Yes. Absolutely. But sometimes an everyday miracle is precisely what we need. This is why I used the word discipline earlier. In the midst of troubled thoughts and feelings—whatever their source may be—we need some discipline, some practice, some way of training our awareness on the beauty of the earth, on the gift of life, on the astounding, miraculous fact of our existence. Stress, anxiety, emotional ruts, racing, worrying minds, existential concerns, deep-seeded fears—all these things have their roots in many places—but they have in common a negative spiritual impact. That is, at their worst they sap our spirit. They sap our energy. They undercut our sense of wholeness. They can make us feel unwell in our bodies. They can make us feel small, incomplete and unworthy. They prevent us from recognizing our connections to a reality and a power larger than ourselves. They weaken our faith. They prey on our hopefulness. They even attack our capacity to love. In the midst of it we easily forget that all around us, everyday miracles abound. All around us are invitations to encounter the world differently. All around us, in the words of Lynn Ungar, are reminders that the world opens itself to us, season after season, and we are invited to respond.[7] “Reach gently,” says Ungar, “but reach.”[8] And when she says “reach,” I take it to mean “live.” Live the life you feel called to live, not the life your fears and anxieties dictate. Live boldly, live creatively, live faithfully, live with love at the center of your heart. In living in response to everyday miracles we align ourselves not with our fears but with the beauty of the earth. In living in response to everyday miracles we align ourselves not with our anxieties, but with our hopes. In living in response to everyday miracles we align ourselves not with our small, self-centered, scarcity-oriented selves but with the truth of  our connection to a reality and a power larger than ourselves, pointing us always towards lives of openness, caring, generosity, grace and dignity.

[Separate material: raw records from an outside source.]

lemma le_ustar:
  assumes "finite_length TYPE('a::bounded_lattice)"
  shows "(a::'a) \<le> ustar a"
proof (cases "a = top")
  case False
  then obtain c where "covers a c"
    using ex_covers_le[OF assms, of a top] top.not_eq_extremum by blast
  then show ?thesis
    using covers_le_ustar[OF assms] unfolding covers_def by (meson order.strict_implies_order order.trans)
qed (simp add: ustar_def)

subsection \<open>Modularity\<close>

lemma modular_lattice_sup_inf:
  assumes "modular_lattice TYPE('a::bounded_lattice)" and "(x::'a) \<le> z"
  shows "sup x (inf y z) = inf (sup x y) z"
  using assms unfolding modular_lattice_def by blast

lemma covers_sup_transpose:
  assumes "modular_lattice TYPE('a::bounded_lattice)"
    and "covers (a::'a) c" and "a \<le> x" and "\<not> c \<le> x"
  shows "covers x (sup x c)"
  unfolding covers_def
proof (intro conjI notI)
  show "x < sup x c"
    using assms(4) by (metis less_le sup.cobounded1 sup.cobounded2)
  assume "\<exists>y. x < y \<and> y < sup x c"
  then obtain y where y: "x < y" "y < sup x c"
    by blast
  have "sup x (inf c y) = y"
    using modular_lattice_sup_inf[OF assms(1), of x y c] y by (simp add: inf.absorb1 inf.commute less_imp_le)
  moreover have "a \<le> inf c y" and "inf c y \<le> c"
    using assms(2,3) y unfolding covers_def by auto
  ultimately consider "inf c y = a" | "inf c y = c"
    using assms(2) unfolding covers_def by (metis le_less)
  then show False
  proof cases
    case 1
    then show False
      using \<open>sup x (inf c y) = y\<close> y(1) assms(3) by (simp add: sup.absorb1)
  next
    case 2
    then have "sup x c \<le> y"
      using y(1) by (metis inf.absorb_iff1 le_supI less_imp_le)
    then show False
      using y(2) by (simp add: less_le_not_le)
  qed
qed

lemma covers_inf_transpose:
  assumes "modular_lattice TYPE('a::bounded_lattice)"
    and "covers (x::'a) y" and "z \<le> y" and "\<not> z \<le> x"
  shows "covers (inf z x) z"
proof -
  have "covers (dual z) (dual (inf z x))"
    using covers_sup_transpose[OF modular_lattice_dual[OF assms(1)], of "dual y" "dual x" "dual z"] assms(2-4)
    by (simp add: covers_dual_iff)
  then show ?thesis
    unfolding covers_dual_iff .
qed

lemma covers_inf_if_distinct_covers:
  assumes "modular_lattice TYPE('a::bounded_lattice)"
    and "covers (c::'a) y" and "covers e y" and "c \<noteq> e"
  shows "covers (inf c e) c"
proof (rule covers_inf_transpose[OF assms(1,3)])
  show "c \<le> y"
    using assms(2) unfolding covers_def by (simp add: less_imp_le)
  show "\<not> c \<le> e"
    using assms(2-4) unfolding covers_def by (metis le_less)
qed

lemma sup_eq_if_covers:
  assumes "covers (c::'a::lattice) y" and "d \<le> y" and "\<not> d \<le> c"
  shows "sup c d = y"
  using assms unfolding covers_def by (metis le_less le_sup_iff sup.absorb_iff1 sup_ge1)

lemma ustar_mono:
  assumes "modular_lattice TYPE('a::bounded_lattice)" and "finite_length TYPE('a)"
    and "(a::'a) \<le> b"
  shows "ustar a \<le> ustar b"
proof (cases "b = top")
  case False
  with assms(3) have "a \<noteq> top"
    using top.extremum_unique by blast
  then show ?thesis
  proof (rule ustar_least[OF assms(2)])
    fix c
    assume c: "covers a c"
    show "c \<le> ustar b"
    proof (cases "c \<le> b")
      case True
      then show ?thesis
        using le_ustar[OF assms(2), of b] by simp
    next
      case False
      then have "covers b (sup b c)"
        using covers_sup_transpose[OF assms(1) c assms(3)] by simp
      then show ?thesis
        using covers_le_ustar[OF assms(2)] by (meson order.trans sup_ge2)
    qed
  qed
qed (simp add: ustar_def)

subsection \<open>The Galois connection\<close>

lemma Inf_fin_image_inf:
  assumes "finite D" and "D \<noteq> {}"
  shows "Inf_fin (inf c ` D) = inf c (Inf_fin D)"
  by (rule Inf_fin.hom_commute[symmetric]) (auto simp: assms inf_aci)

I am at heart a hopeful, faithful, loving person, who at times does not feel very hopeful, faithful or loving. But I’ve learned that if I can discipline myself to stay aware of the everyday miracles, if I can sustain a practice of noticing, observing, welcoming, naming, embracing and responding to everyday miracles, if I can wake up in the morning with miracles in my mind and on my heart, I can remain a hopeful person, a person of deepening faith, a person capable of great love. I trust you can too. Miracles abound. May we respond!

Amen and Blessed Be.

 


[1] Cohen, Don, “The Leaf Unfurling,” Singing the Living Tradition (Boston: Beacon Press and the UUA, 1993) #7.

[2] For music with lyrics for Sarah McLachlan’s “Ordinary Miracle,” see http://www.youtube.com/watch?v=_8rh_48pLqA.

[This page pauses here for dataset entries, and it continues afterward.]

(* Consider any quantum secret sharing (QSS) scheme on $n$ parties whose access structure $\Gamma$ (the collection of authorized sets) is non-empty. Let $t_{\min}$ be the minimum integer $t$ such that every set of $t$ or more parties is authorized, and let $z_{\max}$ be the maximum integer $z$ such that every set of $z$ or fewer parties is unauthorized. Then $n\leq t_{\min}+z_{\max}$. If the QSS scheme is a pure state QSS scheme, then $n=t_{\min}+z_{\max}$.
   Context: A QSS scheme on $n$ parties is an encoding of a quantum secret into a joint state of $n$ subsystems (shares), the $j$-th share being given to party $j\in[n]=\{1,\dots,n\}$. A set $P\subseteq[n]$ of parties is authorized if the secret can be recovered from the shares of the parties in $P$, and unauthorized if the shares of the parties in $P$ contain no information about the secret. The access structure $\Gamma$ is the collection of authorized sets and the adversary structure the collection of unauthorized sets; these are disjoint, and a set may be neither (intermediate). A QSS scheme is a pure state QSS scheme if every pure state secret is encoded into a pure state of the $n$ shares. *)

theory Defs
  imports Complex_Main
begin

text \<open>An operator on a system with computational basis indexed by a finite set A
  is a function rho :: 'a => 'a => complex (only its values on A x A matter).
  Parties are 0,...,n-1; share j has dimension dims j; the joint basis of the
  shares of a set S of parties is the set of functions x with x j < dims j for
  j in S and x j = 0 otherwise (tensor product of the share spaces).\<close>

definition basis :: "(nat \<Rightarrow> nat) \<Rightarrow> nat set \<Rightarrow> (nat \<Rightarrow> nat) set" where
  "basis dims S = {x. \<forall>j. (j \<in> S \<longrightarrow> x j < dims j) \<and> (j \<notin> S \<longrightarrow> x j = 0)}"

definition merge :: "nat set \<Rightarrow> (nat \<Rightarrow> nat) \<Rightarrow> (nat \<Rightarrow> nat) \<Rightarrow> (nat \<Rightarrow> nat)" where
  "merge P x z = (\<lambda>j. if j \<in> P then x j else z j)"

[3] For music with lyrics to Peter Mayer’s “Holy Now,” see http://www.youtube.com/watch?v=KiypaURysz4.

[4] Card, Orson Scott, Xenocide (New York: Tom Doherty Associates, 1991) p. 134.

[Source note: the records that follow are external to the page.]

(* Let $\mathbb{F}$ be a finite field and $f\colon\mathbb{F}^n\times[m]\to\mathbb{F}$ be such that the map $x\mapsto (f(x,1),\dots,f(x,m))$ is $k$-wise independent. Suppose there is a non-adaptive static data structure for $f$ with space $s\ge 2$ and query time $t=2$, and suppose $k>8\log(s)$. Then \[ s \;\ge\; m - \frac{16\, m\log(s)}{k}. \]
   Context: A function $F\colon\mathbb{F}^n\to\mathbb{F}^m$ is $k$-wise independent if for every set of $k$ output coordinates, when $x$ is uniform on $\mathbb{F}^n$, the restriction of $F(x)$ to these coordinates is uniformly distributed on $\mathbb{F}^k$. A non-adaptive static data structure with space $s$ and query time $t$ for $f\colon\mathbb{F}^n\times[m]\to\mathbb{F}$ consists of an arbitrary preprocessing map $x\mapsto P(x)\in\mathbb{F}^s$ and, for each query $i\in[m]$, a fixed set of at most $t$ cell positions (independent of $x$) together with an arbitrary function of those cells' contents that equals $f(x,i)$ for all $x$. Logarithms are base 2. *)

theory Defs
  imports Complex_Main
begin

text \<open>Inputs in F^n are lists of length n over the field; queries are indexed by [m] = {1..m}.\<close>

definition inputs :: "nat \<Rightarrow> 'a list set" where
  "inputs n = {x. length x = n}"

definition kwise_independent ::
  "nat \<Rightarrow> nat \<Rightarrow> ('a::finite list \<Rightarrow> nat \<Rightarrow> 'a) \<Rightarrow> nat \<Rightarrow> bool" where
  "kwise_independent n m f k \<longleftrightarrow>
     (\<forall>S. S \<subseteq> {1..m} \<longrightarrow> card S = k \<longrightarrow>
        (\<forall>y :: nat \<Rightarrow> 'a.
           card {x \<in> inputs n. \<forall>i\<in>S. f x i = y i} * card (UNIV :: 'a set) ^ k = card (inputs n :: 'a list set)))"

text \<open>Non-adaptive static data structure: preprocessing P x, a cell array indexed by {0..<s};
  for each query i, a fixed probe set Q i of at most t cells (independent of x) and a
  function g i of the probed cells' contents computing f x i.\<close>

definition nonadaptive_ds ::
  "nat \<Rightarrow> nat \<Rightarrow> ('a::zero list \<Rightarrow> nat \<Rightarrow> 'a) \<Rightarrow> nat \<Rightarrow> nat \<Rightarrow> bool" where
  "nonadaptive_ds n m f s t \<longleftrightarrow>
     (\<exists>(P :: 'a list \<Rightarrow> nat \<Rightarrow> 'a) (Q :: nat \<Rightarrow> nat set) (g :: nat \<Rightarrow> (nat \<Rightarrow> 'a) \<Rightarrow> 'a).
        \<forall>i\<in>{1..m}. Q i \<subseteq> {..<s} \<and> card (Q i) \<le> t \<and>
          (\<forall>x\<in>inputs n. f x i = g i (\<lambda>j. if j \<in> Q i then P x j else 0)))"

end

(*
  The probe sets of the queries form a multigraph on the s cells, since each query reads at
  most two cells. k-wise independence gives Hall's condition for every set A of at most k
  queries: the answers to A are determined by the cells they probe, yet take all |F|^|A|
  values, so A probes at least |A| cells.

  It remains to show that in a multigraph on n vertices with edge weights w, in which every
  edge set of weight at most K meets at least as many vertices as it has edges,
  #edges - n <= 16 log n * w(edges) / K. A vertex of degree at most two
  is deleted, together with its edge, or with its two edges merged into one that carries
  the sum of their weights; this preserves Hall's condition and does not increase
  #edges - n. If all degrees are at least three, balls around a vertex grow by a factor 3/2
  per step for as long as Hall's condition holds for their breadth-first forests plus two
  edges (a Moore bound), so some set of at most 16 log n edges meets fewer vertices than it
  has edges. Its weight exceeds K, hence its heaviest edge weighs more than K / (16 log n),
  and deleting that edge lowers the right-hand side by more than one.
*)

theory Submission
  imports Defs "HOL-Library.FuncSet"
begin

definition hall_condition :: "('e \<Rightarrow> nat) \<Rightarrow> nat \<Rightarrow> 'e set \<Rightarrow> ('e \<Rightarrow> 'v set) \<Rightarrow> bool" where
  "hall_condition w K I E \<longleftrightarrow> (\<forall>A\<subseteq>I. sum w A \<le> K \<longrightarrow> card A \<le> card (\<Union>(E ` A)))"

lemma hall_condition_subset: "hall_condition w K I E \<Longrightarrow> J \<subseteq> I \<Longrightarrow> hall_condition w K J E"
  unfolding hall_condition_def by blast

[5] Ungar, Lynn, “Picking Blackberries,” Blessing the Bread (Boston: Skinner House Books, 1996) p. 46.

[6] Ungar, Lynn, “Watermelon,” Blessing the Bread (Boston: Skinner House Books, 1996) p. 49.

[7] Ungar, Lynn, “Watermelon,” Blessing the Bread (Boston: Skinner House Books, 1996) p. 49.

[8] Ungar, Lynn, “Picking Blackberries,” Blessing the Bread (Boston: Skinner House Books, 1996) p. 47.